UK companies expect to raise prices at the fastest pace since records began to offset higher labor costs caused by a tight labor market, according to an influential study from the Bank of England.
Business leaders on the central bank’s decision-making panel in September predicted they would raise prices by 6.6 percent over the next year, up from 6.5 percent in August, the highest since the survey began in 2017.
The findings confirm BoE’s concerns “that companies find it too easy to pass on higher costs to consumers,” said Simon Harvey, head of currency analysis at Monex Europe, a currency firm.
He noted that these concerns have contributed to the central bank raising interest rates by 100 basis points during the past two monetary policy meetings.
The monthly survey of chief financial officers of small, medium and large British companies is being used by the BoE to monitor developments in the economy and supports calls for rate hikes at the November 3 meeting of the bank’s Monetary Policy Committee.
Markets are currently expecting a 100 basis point increase from the current rate of 2.25 percent as the bank struggles to contain UK inflation, which has been high for nearly 40 years. According to market expectations, interest rates are expected to rise to 5.7 percent in June next year.
The survey found that business leaders predict inflation will reach 4.8 percent in the medium term, up from 4.2 percent in the previous month.
Harvey noted that the more aggressive MPC members will view this “deanchoring of medium-term inflation expectations as particularly worrisome”.
Companies also expect wages to rise by a record 5.9 percent in the coming year, up from 5.5 percent in August. They reported that wages rose by 6.5 percent in September, a full percentage point higher than in July.

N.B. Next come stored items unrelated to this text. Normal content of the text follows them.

text \<open>\<open>f u \<in> L\<^sub>1\<close> for \<open>f \<in> L\<^sub>p\<close>, since \<open>u \<in> L\<^sub>p\<^sub>'\<close>.\<close>
lemma fu_integrable:
  assumes f: "in_Lp p a b f"
  shows "set_integrable lborel {a..b} (\<lambda>t. f t * u t)"
proof (rule set_integrable_bound)
  have [measurable]: "f \<in> borel_measurable (restrict_space lborel {a..b})"
    using f by (simp add: in_Lp_def set_borel_measurable_iff_restrict)
  show "set_integrable lborel {a..b} (\<lambda>t. \<bar>f t\<bar> powr p + \<bar>u t\<bar> powr (p / (p - 1)))"
    using f u_Lp' by (intro set_integral_add(1)) (auto simp: in_Lp_def)
  show "set_borel_measurable lborel {a..b} (\<lambda>t. f t * u t)"
    unfolding set_borel_measurable_iff_restrict by measurable
  show "AE x in lborel. x \<in> {a..b} \<longrightarrow> norm (f x * u x) \<le> norm (\<bar>f x\<bar> powr p + \<bar>u x\<bar> powr (p / (p - 1)))"
    using young_crude[OF p_gt_1] by auto
qed

lemma prim_measurable [measurable]:
  "in_Lp p a b f \<Longrightarrow> prim a u f \<in> borel_measurable (restrict_space lborel {a..b})"
  unfolding prim_def[abs_def]
  by (intro continuous_on_borel_measurable_restrict continuous_on_primitive fu_integrable)

text \<open>\<open>v (T f)\<^sub>(\<^sub>q\<^sub>) \<in> L\<^sub>1\<close>: \<open>prim a u f\<close> is bounded and \<open>v \<in> L\<^sub>q\<close>.\<close>
lemma dual_density_integrable:
  assumes f: "in_Lp p a b f"
  shows "set_integrable lborel {a..b} (dual_density a u v q f)"
proof (rule set_integrable_bound)
  define C where "C = (LINT t:{a..b}|lborel. \<bar>f t * u t\<bar>)"
  have [measurable]: "prim a u f \<in> borel_measurable (restrict_space lborel {a..b})"
    using f by (rule prim_measurable)
  show "set_integrable lborel {a..b} (\<lambda>t. C powr (q - 1) * \<bar>v t\<bar> powr q)"
    using v_Lq by (intro set_integrable_mult_right) (auto simp: in_Lp_def)
  show "set_borel_measurable lborel {a..b} (dual_density a u v q f)"
    unfolding set_borel_measurable_iff_restrict dual_density_def[abs_def] by measurable
  show "AE x in lborel. x \<in> {a..b} \<longrightarrow>
          norm (dual_density a u v q f x) \<le> norm (C powr (q - 1) * \<bar>v x\<bar> powr q)"
  proof (rule AE_I2, intro impI)
    fix x assume x: "x \<in> {a..b}"
    have V: "0 < v x" using v_pos x by auto
    have F: "\<bar>prim a u f x\<bar> \<le> C"
      unfolding prim_def C_def by (rule abs_primitive_le[OF fu_integrable[OF f] x])
    have "\<bar>dual_density a u v q f x\<bar> = v x powr q * \<bar>prim a u f x\<bar> powr (q - 1)"
      using V by (simp add: dual_density_def abs_spow abs_mult powr_mult powr_diff field_simps)
    also have "\<dots> \<le> v x powr q * C powr (q - 1)"
      using F q_gt_1 by (intro mult_left_mono powr_mono2) auto
    finally show "norm (dual_density a u v q f x) \<le> norm (C powr (q - 1) * \<bar>v x\<bar> powr q)"
      using V by (simp add: mult.commute)
  qed
qed

lemma dual_tail_measurable [measurable]:
  "in_Lp p a b f \<Longrightarrow> dual_tail a b u v q f \<in> borel_measurable (restrict_space lborel {a..b})"
  unfolding dual_tail_def[abs_def]
  by (intro continuous_on_borel_measurable_restrict continuous_on_tail dual_density_integrable)

lemma spectral_relation:
  assumes st: "spectral_triple a b u v p q g f lam"
  shows "AE x in lborel. x \<in> {a..b} \<longrightarrow> spow p (f x) = lam * (u x * dual_tail a b u v q f x)"
proof -
  have g: "\<forall>x\<in>{a..b}. g x = Hop a u v f x" using st by (simp add: spectral_triple_def)
  have "(LINT y:{x..b}|lborel. v y * spow q (g y)) = dual_tail a b u v q f x" if "x \<in> {a..b}" for x
    unfolding dual_tail_def
    by (rule set_lebesgue_integral_cong) (use that g in \<open>auto simp: dual_density_def Hop_prim\<close>)
  then show ?thesis
    using st unfolding spectral_triple_def Hadj_def by (auto elim!: AE_mp)
qed

lemma dual_pairing:
  assumes f: "in_Lp p a b f"
  shows "(LINT x:{a..b}|lborel. f x * u x * dual_tail a b u v q f x)
       = (LINT y:{a..b}|lborel. \<bar>Hop a u v f y\<bar> powr q)"
proof -
  define phi where "phi x = indicator {a..b} x * (f x * u x)" for x
  define psi where "psi y = indicator {a..b} y * dual_density a u v q f y" for y
  have "integrable lborel phi" "integrable lborel psi"
    using fu_integrable[OF f] dual_density_integrable[OF f]
    unfolding set_integrable_def phi_def psi_def by simp_all
  note fubini = fubini_half_plane[OF this]
  have "phi x * (LINT y|lborel. of_bool (x \<le> y) * psi y)
        = indicator {a..b} x * (f x * u x * dual_tail a b u v q f x)" for x
  proof (cases "x \<in> {a..b}")
    case True
    have "(LINT y|lborel. of_bool (x \<le> y) * psi y) = dual_tail a b u v q f x"
      unfolding dual_tail_def set_lebesgue_integral_def psi_def
      by (rule Bochner_Integration.integral_cong) (use True in \<open>auto simp: indicator_def\<close>)
    then show ?thesis using True by (simp add: phi_def)
  qed (simp add: phi_def)
  moreover have "psi y * (LINT x|lborel. of_bool (x \<le> y) * phi x)
        = indicator {a..b} y * \<bar>Hop a u v f y\<bar> powr q" for y
  proof (cases "y \<in> {a..b}")
    case True
    have "(LINT x|lborel. of_bool (x \<le> y) * phi x) = prim a u f y"
      unfolding prim_def set_lebesgue_integral_def phi_def
      by (rule Bochner_Integration.integral_cong) (use True in \<open>auto simp: indicator_def\<close>)
    moreover have "dual_density a u v q f y * prim a u f y = \<bar>Hop a u v f y\<bar> powr q"
      using spow_mult_self[OF q_gt_1, of "v y * prim a u f y"]
      by (simp add: dual_density_def Hop_prim algebra_simps)
    ultimately show ?thesis using True by (simp add: psi_def)
  qed (simp add: psi_def)
  ultimately show ?thesis
    using fubini by (simp add: set_lebesgue_integral_def)
qed

text \<open>Energy identity \<open>\<parallel>f\<parallel>\<^sub>p\<^sup>p = \<lambda> \<parallel>T f\<parallel>\<^sub>q\<^sup>q\<close> for a spectral triple: multiply the spectral relation
  by \<open>f\<close> and integrate.\<close>
lemma spectral_energy:
  assumes st: "spectral_triple a b u v p q g f lam"
  shows "(LINT x:{a..b}|lborel. \<bar>f x\<bar> powr p) = lam * (LINT y:{a..b}|lborel. \<bar>Hop a u v f y\<bar> powr q)"
proof -
  have f: "in_Lp p a b f" using st by (simp add: spectral_triple_def)
  have [measurable]: "f \<in> borel_measurable (restrict_space lborel {a..b})"
    using f by (simp add: in_Lp_def set_borel_measurable_iff_restrict)
  have "set_borel_measurable lborel {a..b} (\<lambda>x. \<bar>f x\<bar> powr p)"
    and "set_borel_measurable lborel {a..b} (\<lambda>x. lam * (f x * u x * dual_tail a b u v q f x))"
    using f unfolding set_borel_measurable_iff_restrict by measurable
  then have "(LINT x:{a..b}|lborel. \<bar>f x\<bar> powr p)
      = (LINT x:{a..b}|lborel. lam * (f x * u x * dual_tail a b u v q f x))"
    unfolding set_lebesgue_integral_def set_borel_measurable_def
  proof (rule integral_cong_AE)
    show "AE x in lborel. indicat_real {a..b} x *\<^sub>R \<bar>f x\<bar> powr p
        = indicat_real {a..b} x *\<^sub>R (lam * (f x * u x * dual_tail a b u v q f x))"
      using spectral_relation[OF st]
    proof eventually_elim
      case (elim x)
      then show ?case
        using spow_mult_self[OF p_gt_1, of "f x"] by (auto simp: indicator_def algebra_simps)
    qed
  qed
  also have "\<dots> = lam * (LINT y:{a..b}|lborel. \<bar>Hop a u v f y\<bar> powr q)"
    by (simp add: dual_pairing[OF f])
  finally show ?thesis .
qed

About 84 percent said they found it more difficult than usual to recruit new employees, down only marginally from 86 percent in August.

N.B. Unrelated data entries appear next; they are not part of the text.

lemma degree_quadratic_power: "degree ([:a, b, c:] ^ e) \<le> 2 * e"
proof -
  have "degree ([:a, b, c:] ^ e) \<le> degree [:a, b, c:] * e" by (rule degree_power_le)
  also have "\<dots> \<le> 2 * e" by (intro mult_right_mono) auto
  finally show ?thesis .
qed

lemma transvectant_quadratic_power_nonzero:
  fixes A B C :: "'a::field_char_0"
  assumes j: "j \<le> e" and C: "C \<noteq> 0"
  shows "transvectant (4 * e - 2 * j) ([:A, B, C:] ^ e) = kappa e j * C ^ (2 * e - 2 * j) * (B\<^sup>2 - 4 * A * C) ^ j"
proof -
  define a where "a = -(B\<^sup>2 - 4 * A * C) / (4 * C)"
  define s where "s = -B / (2 * C)"
  have "pcompose [:A, B, C:] [:s, 1:] = [:a, 0, C:]"
    by (rule poly_eq_poly_eq_iff[THEN iffD1], rule ext)
       (use C in \<open>simp add: poly_pcompose a_def s_def field_simps power2_eq_square\<close>)
  hence "pcompose ([:A, B, C:] ^ e) [:s, 1:] = [:a, 0, C:] ^ e"
    by (simp add: pcompose_power_left)
  moreover have "degree ([:A, B, C:] ^ e) \<le> 4 * e - 2 * j"
    using degree_quadratic_power[of A B C e] j by simp
  moreover have "4 * e - 2 * j = 2 * (2 * e - j)" by simp
  ultimately have "transvectant (4 * e - 2 * j) ([:A, B, C:] ^ e) = transvectant (2 * (2 * e - j)) ([:a, 0, C:] ^ e)"
    using transvectant_shift by metis
  also have "\<dots> = of_nat (transvectant_const e (2 * e - j)) * a ^ j * C ^ (2 * e - j)"
    using j by (subst transvectant_even_power) auto
  also have "\<dots> = of_nat (transvectant_const e (2 * e - j)) * ((a * C) ^ j * C ^ (2 * e - 2 * j))"
  proof -
    have "C ^ (2 * e - j) = C ^ j * C ^ (2 * e - 2 * j)" using j by (simp flip: power_add)
    thus ?thesis by (simp add: power_mult_distrib mult_ac)
  qed
  also have "a * C = (-1/4) * (B\<^sup>2 - 4 * A * C)" using C by (simp add: a_def field_simps)
  finally show ?thesis by (simp only: kappa_def power_mult_distrib mult_ac)
qed

lemma transvectant_linear_power_vanishes:
  fixes A B :: "'a::field_char_0"
  assumes "2 * e < d"
  shows "transvectant d ([:A, B:] ^ e) = 0"
  unfolding transvectant_def
proof (rule sum.neutral, rule ballI)
  fix k assume "k \<in> {..d}"
  hence "e < k \<or> e < d - k" using assms by auto
  thus "(-1) ^ k * fact k * fact (d - k) * coeff ([:A, B:] ^ e) k * coeff ([:A, B:] ^ e) (d - k) = 0"
    by (auto simp: coeff_linear_poly_power binomial_eq_0)
qed

lemma transvectant_linear_power:
  fixes A B :: "'a::field_char_0"
  shows "transvectant (2 * e) ([:A, B:] ^ e) = (-1) ^ e * fact e * fact e * B ^ (2 * e)"
proof -
  have "(-1) ^ k * fact k * fact (2 * e - k) * coeff ([:A, B:] ^ e) k * coeff ([:A, B:] ^ e) (2 * e - k)
      = (if k = e then (-1) ^ e * fact e * fact e * B ^ (2 * e) else 0)" for k
  proof (cases "k = e")
    case False
    hence "e < k \<or> e < 2 * e - k" by auto
    thus ?thesis using False by (auto simp: coeff_linear_poly_power binomial_eq_0)
  qed (simp add: coeff_linear_poly_power mult_2 flip: power_add)
  thus ?thesis unfolding transvectant_def by simp
qed

text \<open>Evaluating both sides of \<open>transvectant_quadratic_power_nonzero\<close> at \<open>s (s + 2)\<close>.\<close>

lemma kappa_diag: "kappa e e = ((-1) ^ e * fact e * fact e :: 'a::field_char_0)"
proof -
  define u :: "'a poly" where "u = [:0, 2, 1:] ^ e"
  have "[:0, 2, 1:] = (monom 1 1 :: 'a poly) * [:2, 1:]"
    by (rule poly_eq_poly_eq_iff[THEN iffD1], rule ext) (simp add: poly_monom algebra_simps)
  hence "u = monom 1 e * [:2, 1:] ^ e" unfolding u_def by (simp only: power_mult_distrib monom_power) simp
  hence cu: "coeff u k = (if k < e then 0 else of_nat (e choose (k - e)) * 2 ^ (e - (k - e)))" for k
    by (simp add: coeff_monom_mult coeff_linear_poly_power)
  have "(-1) ^ k * fact k * fact (2 * e - k) * coeff u k * coeff u (2 * e - k)
      = (if k = e then (-1) ^ e * fact e * fact e * 4 ^ e else 0)" if "k \<le> 2 * e" for k
  proof (cases "k = e")
    case True
    have "(2 :: 'a) ^ e * 2 ^ e = 4 ^ e" by (simp flip: power_mult_distrib)
    thus ?thesis using True by (simp add: cu mult_2)
  qed (use that in \<open>auto simp: cu\<close>)
  hence "transvectant (2 * e) u = (\<Sum>k\<le>2 * e. if k = e then (-1) ^ e * fact e * fact e * 4 ^ e else 0)"
    unfolding transvectant_def by (intro sum.cong) auto
  hence "transvectant (2 * e) u = (-1) ^ e * fact e * fact e * 4 ^ e" by simp
  moreover have "transvectant (4 * e - 2 * e) u = kappa e e * 1 ^ (2 * e - 2 * e) * (2\<^sup>2 - 4 * 0 * 1) ^ e"
    unfolding u_def by (rule transvectant_quadratic_power_nonzero) auto
  ultimately show ?thesis by simp
qed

The level of overall business uncertainty also increased, with more than two-thirds of respondents reporting their company’s uncertainty as “high” or “very high,” 6 percentage points higher than in August. Companies are less likely to invest in periods of high uncertainty, which can limit growth.
Separate data released Thursday by S&P Global/Cips showed construction activity improved in September, with the output index rising to 52.3 in September from 49.2 in August.
However, Tim Moore, chief economic officer at S&P Global Market Intelligence, which compiles the survey, warned that the modest increase in business activity “was fueled by project delays and easing supply shortages rather than a flurry of new orders.”
“Forward-looking survey indicators deteriorated again in September, with new business volumes coming to a halt and expectations for production growth for the coming year are now the lowest since July 2020,” he said.